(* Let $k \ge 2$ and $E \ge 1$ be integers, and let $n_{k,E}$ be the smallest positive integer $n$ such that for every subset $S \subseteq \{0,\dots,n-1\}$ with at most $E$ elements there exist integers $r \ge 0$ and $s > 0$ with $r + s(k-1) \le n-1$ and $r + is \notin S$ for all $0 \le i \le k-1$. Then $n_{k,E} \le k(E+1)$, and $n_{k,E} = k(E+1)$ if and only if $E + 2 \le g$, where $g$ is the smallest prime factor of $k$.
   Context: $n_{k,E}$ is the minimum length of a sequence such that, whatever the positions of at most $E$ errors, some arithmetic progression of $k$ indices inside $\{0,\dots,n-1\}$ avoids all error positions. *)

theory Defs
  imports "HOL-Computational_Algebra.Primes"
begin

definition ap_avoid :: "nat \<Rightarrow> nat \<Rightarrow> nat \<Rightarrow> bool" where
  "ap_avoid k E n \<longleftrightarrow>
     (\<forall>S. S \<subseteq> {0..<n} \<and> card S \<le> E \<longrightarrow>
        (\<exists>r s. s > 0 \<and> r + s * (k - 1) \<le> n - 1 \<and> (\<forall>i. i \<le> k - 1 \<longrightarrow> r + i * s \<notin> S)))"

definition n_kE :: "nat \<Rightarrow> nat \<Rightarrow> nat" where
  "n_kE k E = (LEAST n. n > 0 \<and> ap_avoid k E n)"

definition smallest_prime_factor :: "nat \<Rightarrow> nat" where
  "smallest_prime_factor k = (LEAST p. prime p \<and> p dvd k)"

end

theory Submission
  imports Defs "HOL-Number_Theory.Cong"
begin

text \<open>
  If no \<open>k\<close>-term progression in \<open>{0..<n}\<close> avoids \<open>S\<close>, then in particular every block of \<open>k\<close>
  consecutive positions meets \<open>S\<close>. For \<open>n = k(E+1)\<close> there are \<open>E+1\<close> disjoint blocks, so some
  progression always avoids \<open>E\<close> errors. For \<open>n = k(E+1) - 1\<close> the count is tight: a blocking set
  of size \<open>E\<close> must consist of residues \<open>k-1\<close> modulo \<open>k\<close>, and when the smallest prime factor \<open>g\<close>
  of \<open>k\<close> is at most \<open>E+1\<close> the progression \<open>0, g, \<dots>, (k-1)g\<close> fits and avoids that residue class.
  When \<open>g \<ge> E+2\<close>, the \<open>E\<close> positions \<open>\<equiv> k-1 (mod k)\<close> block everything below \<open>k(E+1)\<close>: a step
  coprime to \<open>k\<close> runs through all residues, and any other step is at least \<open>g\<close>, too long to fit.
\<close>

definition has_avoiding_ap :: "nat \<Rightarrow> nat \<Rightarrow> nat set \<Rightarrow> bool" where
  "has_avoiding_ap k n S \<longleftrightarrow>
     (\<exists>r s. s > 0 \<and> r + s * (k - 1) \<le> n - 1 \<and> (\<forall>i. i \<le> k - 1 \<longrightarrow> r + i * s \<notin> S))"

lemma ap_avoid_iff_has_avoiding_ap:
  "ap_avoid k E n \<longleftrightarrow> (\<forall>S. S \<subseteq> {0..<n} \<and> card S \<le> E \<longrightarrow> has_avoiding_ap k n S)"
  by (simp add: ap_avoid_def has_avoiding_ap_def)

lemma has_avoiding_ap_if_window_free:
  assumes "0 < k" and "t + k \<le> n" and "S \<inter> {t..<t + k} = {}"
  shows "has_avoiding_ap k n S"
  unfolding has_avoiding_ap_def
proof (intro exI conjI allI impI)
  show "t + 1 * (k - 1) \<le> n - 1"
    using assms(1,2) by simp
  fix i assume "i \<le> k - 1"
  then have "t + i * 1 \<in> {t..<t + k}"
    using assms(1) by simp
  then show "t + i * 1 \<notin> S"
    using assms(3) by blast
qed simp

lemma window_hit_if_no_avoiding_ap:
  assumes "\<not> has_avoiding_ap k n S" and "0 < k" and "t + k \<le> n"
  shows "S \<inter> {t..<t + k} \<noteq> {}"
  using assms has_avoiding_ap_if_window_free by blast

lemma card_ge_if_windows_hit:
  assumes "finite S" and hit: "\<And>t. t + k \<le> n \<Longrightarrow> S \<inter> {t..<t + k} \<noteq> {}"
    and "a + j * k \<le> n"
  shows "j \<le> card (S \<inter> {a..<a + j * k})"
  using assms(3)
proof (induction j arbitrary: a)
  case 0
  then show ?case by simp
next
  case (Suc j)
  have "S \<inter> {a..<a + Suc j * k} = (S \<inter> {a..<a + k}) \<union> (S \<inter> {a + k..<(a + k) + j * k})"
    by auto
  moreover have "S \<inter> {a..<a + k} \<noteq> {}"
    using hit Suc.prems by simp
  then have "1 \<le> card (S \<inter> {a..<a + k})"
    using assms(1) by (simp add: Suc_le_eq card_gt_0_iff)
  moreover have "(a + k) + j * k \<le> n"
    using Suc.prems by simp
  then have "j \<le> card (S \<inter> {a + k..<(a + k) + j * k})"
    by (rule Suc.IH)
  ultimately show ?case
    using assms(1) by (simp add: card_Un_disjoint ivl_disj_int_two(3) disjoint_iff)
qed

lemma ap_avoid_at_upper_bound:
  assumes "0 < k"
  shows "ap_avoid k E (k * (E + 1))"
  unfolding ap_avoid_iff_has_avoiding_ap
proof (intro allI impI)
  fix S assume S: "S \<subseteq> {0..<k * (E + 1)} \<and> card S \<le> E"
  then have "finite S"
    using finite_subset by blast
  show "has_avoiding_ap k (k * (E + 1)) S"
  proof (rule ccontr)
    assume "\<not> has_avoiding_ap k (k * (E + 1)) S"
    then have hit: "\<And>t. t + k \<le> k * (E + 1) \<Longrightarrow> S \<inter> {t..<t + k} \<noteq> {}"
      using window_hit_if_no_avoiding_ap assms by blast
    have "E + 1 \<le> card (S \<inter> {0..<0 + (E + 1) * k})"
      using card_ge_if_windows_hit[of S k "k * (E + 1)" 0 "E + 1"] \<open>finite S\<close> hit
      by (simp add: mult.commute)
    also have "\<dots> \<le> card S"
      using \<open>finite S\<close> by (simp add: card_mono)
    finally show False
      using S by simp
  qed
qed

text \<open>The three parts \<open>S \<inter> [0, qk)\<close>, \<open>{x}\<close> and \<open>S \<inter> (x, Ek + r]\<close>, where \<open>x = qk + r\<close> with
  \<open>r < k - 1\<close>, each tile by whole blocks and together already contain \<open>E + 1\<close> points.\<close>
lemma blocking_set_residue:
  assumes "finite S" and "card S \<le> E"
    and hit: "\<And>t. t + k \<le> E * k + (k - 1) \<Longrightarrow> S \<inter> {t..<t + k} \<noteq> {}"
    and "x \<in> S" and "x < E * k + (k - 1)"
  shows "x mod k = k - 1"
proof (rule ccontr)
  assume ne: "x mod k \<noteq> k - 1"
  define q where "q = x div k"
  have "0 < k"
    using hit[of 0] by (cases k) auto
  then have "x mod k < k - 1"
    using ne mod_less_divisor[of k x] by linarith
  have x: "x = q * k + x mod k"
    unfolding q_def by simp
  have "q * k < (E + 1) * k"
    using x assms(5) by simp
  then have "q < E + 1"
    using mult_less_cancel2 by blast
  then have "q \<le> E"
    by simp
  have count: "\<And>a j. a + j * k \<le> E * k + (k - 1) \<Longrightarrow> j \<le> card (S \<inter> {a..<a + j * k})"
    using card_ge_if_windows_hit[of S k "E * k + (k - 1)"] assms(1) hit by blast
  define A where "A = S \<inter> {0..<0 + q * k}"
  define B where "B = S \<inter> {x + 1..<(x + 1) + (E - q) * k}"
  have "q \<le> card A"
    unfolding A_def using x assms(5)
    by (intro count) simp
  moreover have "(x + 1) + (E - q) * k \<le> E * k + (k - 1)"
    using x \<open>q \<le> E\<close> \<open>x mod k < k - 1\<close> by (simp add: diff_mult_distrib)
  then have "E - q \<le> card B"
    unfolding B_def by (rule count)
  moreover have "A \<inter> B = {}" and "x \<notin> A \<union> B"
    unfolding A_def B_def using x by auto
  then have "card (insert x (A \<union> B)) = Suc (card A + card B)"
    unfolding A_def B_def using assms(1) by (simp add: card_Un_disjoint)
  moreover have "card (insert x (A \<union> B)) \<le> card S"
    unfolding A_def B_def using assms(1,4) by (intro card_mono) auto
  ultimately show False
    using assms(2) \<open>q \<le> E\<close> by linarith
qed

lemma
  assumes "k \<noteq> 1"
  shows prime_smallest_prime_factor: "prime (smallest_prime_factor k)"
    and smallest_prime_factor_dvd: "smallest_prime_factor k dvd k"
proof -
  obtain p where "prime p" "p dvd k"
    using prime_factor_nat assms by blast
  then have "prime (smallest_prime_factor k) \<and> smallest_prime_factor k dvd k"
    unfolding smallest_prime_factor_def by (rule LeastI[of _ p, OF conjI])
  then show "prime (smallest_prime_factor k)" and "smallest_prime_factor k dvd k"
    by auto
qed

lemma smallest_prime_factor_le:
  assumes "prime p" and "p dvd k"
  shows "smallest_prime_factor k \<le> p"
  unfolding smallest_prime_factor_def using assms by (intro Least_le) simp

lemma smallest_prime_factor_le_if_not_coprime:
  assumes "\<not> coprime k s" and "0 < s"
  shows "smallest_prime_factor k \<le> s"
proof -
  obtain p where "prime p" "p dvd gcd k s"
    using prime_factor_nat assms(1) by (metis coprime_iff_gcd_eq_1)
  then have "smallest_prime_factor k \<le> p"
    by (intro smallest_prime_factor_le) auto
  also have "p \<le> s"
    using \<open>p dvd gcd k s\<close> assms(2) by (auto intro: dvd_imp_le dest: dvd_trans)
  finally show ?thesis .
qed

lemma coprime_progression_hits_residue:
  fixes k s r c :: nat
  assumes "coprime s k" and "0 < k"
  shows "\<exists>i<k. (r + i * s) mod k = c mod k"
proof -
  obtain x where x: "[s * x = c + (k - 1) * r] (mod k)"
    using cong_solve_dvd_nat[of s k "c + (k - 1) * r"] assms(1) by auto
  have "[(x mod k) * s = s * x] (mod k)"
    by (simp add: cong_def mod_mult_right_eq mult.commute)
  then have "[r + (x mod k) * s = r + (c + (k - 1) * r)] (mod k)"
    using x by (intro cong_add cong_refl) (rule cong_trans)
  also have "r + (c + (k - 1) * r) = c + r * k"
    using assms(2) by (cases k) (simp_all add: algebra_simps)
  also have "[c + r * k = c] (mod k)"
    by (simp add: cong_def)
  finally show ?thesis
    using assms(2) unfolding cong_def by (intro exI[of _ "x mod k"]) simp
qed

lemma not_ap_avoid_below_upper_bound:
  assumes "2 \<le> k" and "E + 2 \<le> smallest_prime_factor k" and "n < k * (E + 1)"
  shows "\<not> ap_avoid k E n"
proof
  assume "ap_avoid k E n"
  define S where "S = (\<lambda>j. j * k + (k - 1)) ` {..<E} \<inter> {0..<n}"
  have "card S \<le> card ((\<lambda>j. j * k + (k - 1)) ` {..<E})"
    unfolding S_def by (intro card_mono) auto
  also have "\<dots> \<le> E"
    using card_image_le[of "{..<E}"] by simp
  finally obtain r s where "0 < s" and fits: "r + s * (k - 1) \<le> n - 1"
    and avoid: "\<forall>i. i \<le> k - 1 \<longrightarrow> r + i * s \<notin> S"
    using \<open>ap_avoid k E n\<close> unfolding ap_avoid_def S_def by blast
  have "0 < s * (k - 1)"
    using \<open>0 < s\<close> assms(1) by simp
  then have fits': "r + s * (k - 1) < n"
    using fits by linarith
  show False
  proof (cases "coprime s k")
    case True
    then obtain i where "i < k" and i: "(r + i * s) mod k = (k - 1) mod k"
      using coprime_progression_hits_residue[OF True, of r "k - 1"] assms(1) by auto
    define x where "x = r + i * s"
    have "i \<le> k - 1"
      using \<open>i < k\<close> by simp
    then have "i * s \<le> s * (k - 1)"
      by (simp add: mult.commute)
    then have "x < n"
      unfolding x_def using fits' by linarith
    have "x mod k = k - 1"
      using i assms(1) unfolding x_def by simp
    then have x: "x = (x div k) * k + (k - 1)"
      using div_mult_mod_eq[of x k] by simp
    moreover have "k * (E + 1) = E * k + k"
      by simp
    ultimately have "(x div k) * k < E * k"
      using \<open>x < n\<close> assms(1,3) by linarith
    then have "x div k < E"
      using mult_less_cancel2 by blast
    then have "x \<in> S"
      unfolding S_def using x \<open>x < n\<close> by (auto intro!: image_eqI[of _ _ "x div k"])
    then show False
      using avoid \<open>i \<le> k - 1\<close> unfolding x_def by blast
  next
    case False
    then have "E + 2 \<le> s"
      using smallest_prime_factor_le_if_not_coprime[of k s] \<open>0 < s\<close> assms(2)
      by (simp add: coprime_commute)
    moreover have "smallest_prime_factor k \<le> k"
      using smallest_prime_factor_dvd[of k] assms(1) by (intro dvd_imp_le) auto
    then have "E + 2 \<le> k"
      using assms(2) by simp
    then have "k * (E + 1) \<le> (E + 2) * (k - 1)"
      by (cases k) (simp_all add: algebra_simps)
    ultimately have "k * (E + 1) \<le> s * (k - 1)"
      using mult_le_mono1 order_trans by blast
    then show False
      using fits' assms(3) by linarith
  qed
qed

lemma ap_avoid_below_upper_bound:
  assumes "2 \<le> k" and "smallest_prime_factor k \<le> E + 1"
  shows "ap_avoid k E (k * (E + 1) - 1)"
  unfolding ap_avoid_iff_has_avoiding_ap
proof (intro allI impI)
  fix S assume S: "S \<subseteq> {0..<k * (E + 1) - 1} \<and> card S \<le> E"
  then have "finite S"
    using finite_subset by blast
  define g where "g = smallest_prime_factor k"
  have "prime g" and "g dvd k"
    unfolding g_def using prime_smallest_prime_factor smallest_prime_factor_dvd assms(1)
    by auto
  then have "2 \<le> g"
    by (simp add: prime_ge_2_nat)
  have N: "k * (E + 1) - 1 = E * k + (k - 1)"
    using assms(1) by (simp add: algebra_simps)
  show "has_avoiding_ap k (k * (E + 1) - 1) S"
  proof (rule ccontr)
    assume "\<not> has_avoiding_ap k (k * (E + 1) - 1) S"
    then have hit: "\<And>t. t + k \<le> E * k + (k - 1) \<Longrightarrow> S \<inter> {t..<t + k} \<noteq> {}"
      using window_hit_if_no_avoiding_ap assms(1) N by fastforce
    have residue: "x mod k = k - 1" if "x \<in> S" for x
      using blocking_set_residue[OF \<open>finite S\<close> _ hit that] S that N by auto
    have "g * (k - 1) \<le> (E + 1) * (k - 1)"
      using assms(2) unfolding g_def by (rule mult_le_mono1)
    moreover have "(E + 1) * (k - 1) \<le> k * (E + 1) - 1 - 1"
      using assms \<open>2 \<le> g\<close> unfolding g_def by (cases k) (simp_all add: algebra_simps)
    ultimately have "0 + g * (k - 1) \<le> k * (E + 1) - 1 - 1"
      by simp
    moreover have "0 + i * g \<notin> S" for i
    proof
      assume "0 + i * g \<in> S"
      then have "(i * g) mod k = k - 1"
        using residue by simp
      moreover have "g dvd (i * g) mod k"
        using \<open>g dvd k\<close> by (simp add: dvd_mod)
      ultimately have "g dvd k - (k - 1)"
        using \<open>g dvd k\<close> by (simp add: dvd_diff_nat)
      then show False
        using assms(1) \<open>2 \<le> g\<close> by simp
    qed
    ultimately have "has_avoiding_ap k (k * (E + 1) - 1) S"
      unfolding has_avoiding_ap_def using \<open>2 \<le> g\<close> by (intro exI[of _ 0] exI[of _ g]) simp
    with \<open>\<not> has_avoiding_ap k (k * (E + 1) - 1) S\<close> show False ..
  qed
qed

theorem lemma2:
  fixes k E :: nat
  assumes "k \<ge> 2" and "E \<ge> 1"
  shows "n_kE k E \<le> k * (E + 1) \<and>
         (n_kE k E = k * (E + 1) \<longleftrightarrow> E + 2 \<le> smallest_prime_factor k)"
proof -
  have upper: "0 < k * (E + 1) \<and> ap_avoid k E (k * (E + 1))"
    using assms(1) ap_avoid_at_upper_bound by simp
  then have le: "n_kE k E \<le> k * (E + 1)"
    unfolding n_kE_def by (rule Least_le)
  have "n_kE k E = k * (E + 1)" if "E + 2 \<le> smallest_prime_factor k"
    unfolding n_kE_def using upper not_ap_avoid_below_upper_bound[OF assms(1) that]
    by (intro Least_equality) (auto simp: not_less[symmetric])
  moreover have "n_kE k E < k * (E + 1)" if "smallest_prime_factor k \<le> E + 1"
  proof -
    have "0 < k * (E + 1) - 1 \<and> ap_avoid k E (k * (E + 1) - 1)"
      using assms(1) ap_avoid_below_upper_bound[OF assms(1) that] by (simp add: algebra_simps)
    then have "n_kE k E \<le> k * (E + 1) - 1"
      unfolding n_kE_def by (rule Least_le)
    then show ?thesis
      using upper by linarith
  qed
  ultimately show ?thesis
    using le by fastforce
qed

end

▶ **WORK REQUIRED**:
Only the number is wanted here. How many lines in the entries contain "forall"?

▶ **WRITTEN ANSWER**:
5